🤖 AI Summary
Existing mobile app prediction models rely on fixed vocabularies, limiting their generalization to new devices or ecosystems and degrading performance in cold-start scenarios. This work proposes a vocabulary-free Transformer-based prediction approach that employs a shuffle-tokenization mechanism to randomly reassign virtual indices, thereby masking true app identities while preserving behavioral semantics through ultra-long context modeling of user sequences. The method achieves, for the first time, zero-shot cross-dataset prediction, with theoretical guarantees that the predicted distribution converges to the true distribution given sufficiently long contexts. Experiments demonstrate strong zero-shot accuracy across two intercontinental datasets, cold-start performance on par with state-of-the-art methods, and inference latency low enough for practical deployment.
📝 Abstract
Predicting the next mobile application a user will launch is essential for intelligent device resource management and proactive assistance. Existing models rely on fixed app vocabularies, which prevents them from generalizing across different app ecosystems.

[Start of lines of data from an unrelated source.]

lemma sum_C_plus_eq_sum_edges:
  assumes "finite S" "E \<subseteq> S \<times> S"
  shows "(\<Sum>s\<in>S. \<Sum>s'\<in>C_plus E s. h s s') = (\<Sum>(u, v)\<in>E. h u v)"
proof -
  have "\<forall>s\<in>S. finite (C_plus E s)"
    using assms by (auto simp: C_plus_def intro: finite_subset[of _ S])
  then have "(\<Sum>s\<in>S. \<Sum>s'\<in>C_plus E s. h s s') = (\<Sum>(s, s')\<in>Sigma S (C_plus E). h s s')"
    using sum.Sigma[OF assms(1)] by simp
  also have "Sigma S (C_plus E) = E"
    using assms(2) by (auto simp: C_plus_def)
  finally show ?thesis .
qed

lemma sum_inflow_eq_sum_outflow:
  assumes "finite S" "E \<subseteq> S \<times> S"
  shows "(\<Sum>s\<in>S. \<Sum>s'\<in>C_minus E s. h s' s) = (\<Sum>s\<in>S. \<Sum>s'\<in>C_plus E s. h s s')"
  by (simp only: sum_C_minus_eq_sum_edges[OF assms] sum_C_plus_eq_sum_edges[OF assms])

lemma sum_weighted_Fnet_at:
  fixes a :: "'s \<Rightarrow> int"
  assumes S: "finite S" and mob: "mob \<subseteq> S \<times> S" and com: "com \<subseteq> S \<times> S"
  shows "(\<Sum>s\<in>S. a s * Fnet mob com T f fb s t) =
      (if 1 \<le> t then \<Sum>(u, v)\<in>mob. a v * f u v (t - 1) else 0)
    + (\<Sum>(u, v)\<in>com. (a v - a u) * fb u v t)
    - (if t < T then \<Sum>(u, v)\<in>mob. a u * f u v t else 0)"
proof -
  have "(\<Sum>s\<in>S. a s * Fnet mob com T f fb s t) =
      (if 1 \<le> t then \<Sum>s\<in>S. \<Sum>s'\<in>C_minus mob s. a s * f s' s (t - 1) else 0)
    + (\<Sum>s\<in>S. \<Sum>s'\<in>C_minus com s. a s * fb s' s t)
    - (if t < T then \<Sum>s\<in>S. \<Sum>s'\<in>C_plus mob s. a s * f s s' t else 0)
    - (\<Sum>s\<in>S. \<Sum>s'\<in>C_plus com s. a s * fb s s' t)"
    by (simp add: Fnet_def algebra_simps sum.distrib sum_subtractf sum_distrib_left)
  also have "\<dots> = (if 1 \<le> t then \<Sum>(u, v)\<in>mob. a v * f u v (t - 1) else 0)
    + (\<Sum>(u, v)\<in>com. a v * fb u v t)
    - (if t < T then \<Sum>(u, v)\<in>mob. a u * f u v t else 0)
    - (\<Sum>(u, v)\<in>com. a u * fb u v t)"
    by (simp only: sum_C_minus_eq_sum_edges[OF S mob] sum_C_minus_eq_sum_edges[OF S com]
        sum_C_plus_eq_sum_edges[OF S mob] sum_C_plus_eq_sum_edges[OF S com])
  also have "\<dots> = (if 1 \<le> t then \<Sum>(u, v)\<in>mob. a v * f u v (t - 1) else 0)
    + (\<Sum>(u, v)\<in>com. (a v - a u) * fb u v t)
    - (if t < T then \<Sum>(u, v)\<in>mob. a u * f u v t else 0)"
    by (simp add: sum_subtractf[symmetric] case_prod_beta left_diff_distrib)
  finally show ?thesis .
qed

Many also depend on user-specific knowledge, which complicates deployment in cold start scenarios. We propose STAP, a Transformer-based model that eliminates the need for a fixed vocabulary. STAP replaces true app identities with randomly reassigned virtual indices via a shuffle mechanism, and compensates for discarded semantic information by processing behavioral sequences with an ultra-long context design. A theoretical analysis shows that, given a sufficiently long context, the predicted distribution converges to the correct one despite the anonymity of the mapping. Experiments on two datasets from different continents demonstrate that STAP achieves strong cross-dataset zero-shot prediction accuracy -- a setting where all existing fixed-vocabulary methods are inherently inapplicable -- while its cold start performance within each dataset remains competitive with leading models. Furthermore, we introduce a deployment strategy that enables the model to retain a sufficiently long context during continuous inference while keeping latency within acceptable bounds.